Exactly the lines from the opening of the records through the line containing "((\<lambda>s. state_field \<gamma>" should be copied, with both included.

## DATA FOR ANALYSIS
● ● ●

lemma optimality_systemD:
  assumes "optimality_system \<gamma> b umax i0 \<beta> T i lam u" "umax > 0"
  shows "\<forall>t\<in>{0..T}. u t = min (max (lam t * (1 - i t) / (2 * b)) 0) umax"
    and "\<forall>t\<in>{0..T}. 0 \<le> i t \<and> i t \<le> 1"
    and "\<forall>t\<in>{0..T}. 0 \<le> u t \<and> u t \<le> umax"
    and "\<forall>t\<in>{0..T}. ((\<lambda>s. state_field \<gamma> (\<beta> s) (u s) (i s)) has_integral (i t - i0)) {0..t}"
    and "\<forall>t\<in>{0..T}. ((\<lambda>s. adjoint_field \<gamma> (\<beta> s) (u s) (i s) (lam s)) has_integral (1 - lam t)) {t..T}"
  using assms unfolding optimality_system_def state_field_def adjoint_field_def
  by (simp_all add: min_le_iff_disj)

text \<open>The terminal condition \<open>\<lambda>(T) = 1\<close> keeps the adjoint within a factor 2 of it when
  \<open>T\<close> is small, which makes the control law and the adjoint field uniformly Lipschitz.\<close>
lemma optimality_system_adjoint_bound:
  fixes \<gamma> b umax i0 M T :: real and \<beta> :: "real \<Rightarrow> real"
  assumes "\<gamma> > 0" "umax > 0" "\<And>t. 0 \<le> \<beta> t" "\<And>t. \<beta> t \<le> M"
    and "0 < T" and small: "(3 * M + \<gamma> + umax) * T \<le> 1/2"
    and S: "optimality_system \<gamma> b umax i0 \<beta> T i lam u"
  shows "\<forall>t\<in>{0..T}. \<bar>lam t\<bar> \<le> 2"
proof -
  define c where "c = 3 * M + \<gamma> + umax"
  note sys = optimality_systemD[OF S \<open>umax > 0\<close>]
  have c0: "0 \<le> c" unfolding c_def using assms(1-4) order_trans[OF assms(3,4)] by force
  have "continuous_on {0..T} lam"
    using continuous_on_if_has_integral_to_right[OF sys(5)] \<open>0 < T\<close> by simp
  then have "continuous_on {0..T} (\<lambda>t. \<bar>lam t\<bar>)"
    by (intro continuous_intros)
  then obtain t0 where t0: "t0 \<in> {0..T}" and max: "\<forall>s\<in>{0..T}. \<bar>lam s\<bar> \<le> \<bar>lam t0\<bar>"
    using continuous_attains_sup[of "{0..T}" "\<lambda>t. \<bar>lam t\<bar>"] \<open>0 < T\<close> by auto
  have "\<bar>adjoint_field \<gamma> (\<beta> s) (u s) (i s) (lam s) - 0\<bar> \<le> c * \<bar>lam t0\<bar>" if "s \<in> {t0..T}" for s
  proof -
    have "s \<in> {0..T}" using that t0 by auto
    then have "\<bar>adjoint_field \<gamma> (\<beta> s) (u s) (i s) (lam s)\<bar> \<le> c * \<bar>lam s\<bar>"
      unfolding c_def using abs_adjoint_field_le assms(1,3,4) sys(2,3) by (meson less_imp_le)
    also have "\<dots> \<le> c * \<bar>lam t0\<bar>" using max \<open>s \<in> {0..T}\<close> c0 by (simp add: mult_left_mono)
    finally show ?thesis by simp
  qed
  then have "\<bar>1 - lam t0\<bar> \<le> c * \<bar>lam t0\<bar> * (T - t0)"
    using has_integral_diff_bound[OF sys(5)[rule_format, OF t0] has_integral_0] t0 by auto
  also have "\<dots> \<le> c * \<bar>lam t0\<bar> * T" using t0 c0 by (intro mult_left_mono) auto
  also have "\<dots> \<le> \<bar>lam t0\<bar> / 2"
    using mult_right_mono[OF small, of "\<bar>lam t0\<bar>"] unfolding c_def by (simp add: mult_ac)
  finally have "\<bar>lam t0\<bar> \<le> 2" by linarith
  then show ?thesis using max by fastforce
qed

context
  fixes \<gamma> b umax i0 M T :: real and \<beta> i1 lam1 u1 i2 lam2 u2 :: "real \<Rightarrow> real"
  assumes parameters: "\<gamma> > 0" "b > 0" "umax > 0"
    and \<beta>_bounds: "\<And>t. 0 \<le> \<beta> t" "\<And>t. \<beta> t \<le> M"
    and S1: "optimality_system \<gamma> b umax i0 \<beta> T i1 lam1 u1"
    and S2: "optimality_system \<gamma> b umax i0 \<beta> T i2 lam2 u2"
    and lam2_bound: "\<forall>t\<in>{0..T}. \<bar>lam2 t\<bar> \<le> 2"
begin

lemma control_diff_le:
  assumes D: "\<forall>s\<in>{0..T}. \<bar>i1 s - i2 s\<bar> + \<bar>lam1 s - lam2 s\<bar> \<le> D" and s: "s \<in> {0..T}"
  shows "\<bar>u1 s - u2 s\<bar> \<le> D / b"
proof -
  have "u1 s = min (max (lam1 s * (1 - i1 s) / (2 * b)) 0) umax"
    "u2 s = min (max (lam2 s * (1 - i2 s) / (2 * b)) 0) umax"
    "0 \<le> i1 s" "i1 s \<le> 1" "\<bar>lam2 s\<bar> \<le> 2"
    using s optimality_systemD(1,2)[OF S1 parameters(3)] optimality_systemD(1)[OF S2 parameters(3)]
      lam2_bound
    by auto
  then have "\<bar>u1 s - u2 s\<bar> \<le> (\<bar>lam1 s - lam2 s\<bar> + 2 * \<bar>i1 s - i2 s\<bar>) / (2 * b)"
    using control_law_lipschitz parameters(2) by presburger
  also have "\<dots> \<le> (2 * D) / (2 * b)"
  proof (rule divide_right_mono)
    have "\<bar>i1 s - i2 s\<bar> + \<bar>lam1 s - lam2 s\<bar> \<le> D" using D s by blast
    moreover have "\<bar>i1 s - i2 s\<bar> \<le> D" using D s abs_ge_zero[of "lam1 s - lam2 s"] by force
    ultimately show "\<bar>lam1 s - lam2 s\<bar> + 2 * \<bar>i1 s - i2 s\<bar> \<le> 2 * D" by simp
  qed (use parameters(2) in simp)
  finally show ?thesis using parameters(2) by simp
qed
(* Let $n\ge 3$, let the sites of an $n$-qubit chain be partitioned into nonempty consecutive intervals $L=\{1,\dots,a\}$, $C=\{a+1,\dots,a+k\}$, $R=\{a+k+1,\dots,n\}$, and let $W\in\mathrm{Sp}(2n,\mathbb{Z}_2)$ be the symplectic matrix of a Clifford unitary $U$ on the chain. Then $W$ satisfies the left wall condition around $C$ if and only if it satisfies the right wall condition around $C$. (All walls in Clifford circuits are two-sided.)
   Context: Pauli operators modulo phases are identified with $\mathbb{Z}_2^{2n}$ via $(p_1,q_1,\dots,p_n,q_n)\mapsto X^{p_1}Z^{q_1}\otimes\cdots\otimes X^{p_n}Z^{q_n}$; the symplectic form is $J=\bigoplus_{i=1}^n\begin{pmatrix}0&1\\1&0\end{pmatrix}$ (two Paulis commute iff $b^TJb'=0$), $\mathrm{Sp}(2n,\mathbb{Z}_2)=\{S:SJS^T=J\}$, and a Clifford unitary $U$ induces $W$ with $UP_bU^\dagger\propto P_{Wb}$. For a set of sites $S$, $V_S$ is the subspace of vectors supported on $S$, so $\mathbb{Z}_2^{2n}=V_L\oplus V_C\oplus V_R$, vectors written $(l,c,r)$. Left wall condition: for all integers $t\ge1$ and all $l\in V_L$, $W^t(l,0,0)\in V_L\oplus V_C\oplus\{0\}$. Right wall condition: for all integers $t\ge 1$ and all $r\in V_R$, $W^t(0,0,r)\in\{0\}\oplus V_C\oplus V_R$. *)

theory Defs
  imports Main "HOL-Library.Z2"
begin

(* Vectors of Z_2^{2n} are functions nat => bit; coordinates 0..2n-1 (0-based).
   Coordinates 2(i-1) and 2(i-1)+1 are the (p_i, q_i) of site i (sites 1..n).
   Matrices are nat => nat => bit, only entries with indices < 2n are used. *)

definition site :: "nat \<Rightarrow> nat" where
  "site j = j div 2 + 1"

definition symp_J :: "nat \<Rightarrow> nat \<Rightarrow> nat \<Rightarrow> bit" where
  "symp_J n i j = (if i < 2*n \<and> j < 2*n \<and> i div 2 = j div 2 \<and> i \<noteq> j then 1 else 0)"
lemma bij_betw_layer_state: "bij_betw layer_state {1..16} layer_states"
proof -
  have "state k i \<in> {-1, 1}" for k i
    unfolding state_def by (cases "((k - 1) div 2 ^ (i mod 4)) mod 2 = 0") auto
  then have "layer_state k \<in> layer_states" for k
    unfolding layer_state_def layer_states_def restrict_PiE_iff by blast
  then have into: "layer_state ` {1..16} \<subseteq> layer_states" by blast
  have "distinct layer_spins" "\<forall>xs\<in>set layer_spins. length xs = 4" "length layer_spins = 16"
    unfolding layer_spins_def by code_simp+
  then have inj: "inj_on layer_state {1..16}"
  proof (intro inj_onI)
    fix k l assume kl: "k \<in> {1..16}" "l \<in> {1..16}" "layer_state k = layer_state l"
    have "spin k i = spin l i" if "i < 4" for i
      using fun_cong[OF kl(3), of i] that kl(1,2) by (simp add: layer_state_def state_eq_spin)
    then have "layer_spins ! (k - 1) = layer_spins ! (l - 1)"
      using kl(1,2) \<open>\<forall>xs\<in>set layer_spins. length xs = 4\<close> \<open>length layer_spins = 16\<close>
      by (intro nth_equalityI) (auto simp: spin_def)
    then show "k = l"
      using nth_eq_iff_index_eq[OF \<open>distinct layer_spins\<close>] kl(1,2) \<open>length layer_spins = 16\<close> by force
  qed
  have "card layer_states = 16" by (simp add: layer_states_def card_PiE numeral_2_eq_2[symmetric])
  then have "layer_state ` {1..16} = layer_states"
    using card_image[OF inj] into by (intro card_subset_eq) (auto simp: layer_states_def finite_PiE)
  with inj show ?thesis by (simp add: bij_betw_def)
qed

● ● ●

## RESPONSE BELOW
lemma optimality_systemD:
  assumes "optimality_system \<gamma> b umax i0 \<beta> T i lam u" "umax > 0"
  shows "\<forall>t\<in>{0..T}. u t = min (max (lam t * (1 - i t) / (2 * b)) 0) umax"
    and "\<forall>t\<in>{0..T}. 0 \<le> i t \<and> i t \<le> 1"
    and "\<forall>t\<in>{0..T}. 0 \<le> u t \<and> u t \<le> umax"
    and "\<forall>t\<in>{0..T}. ((\<lambda>s. state_field \<gamma> (\<beta> s) (u s) (i s)) has_integral (i t - i0)) {0..t}"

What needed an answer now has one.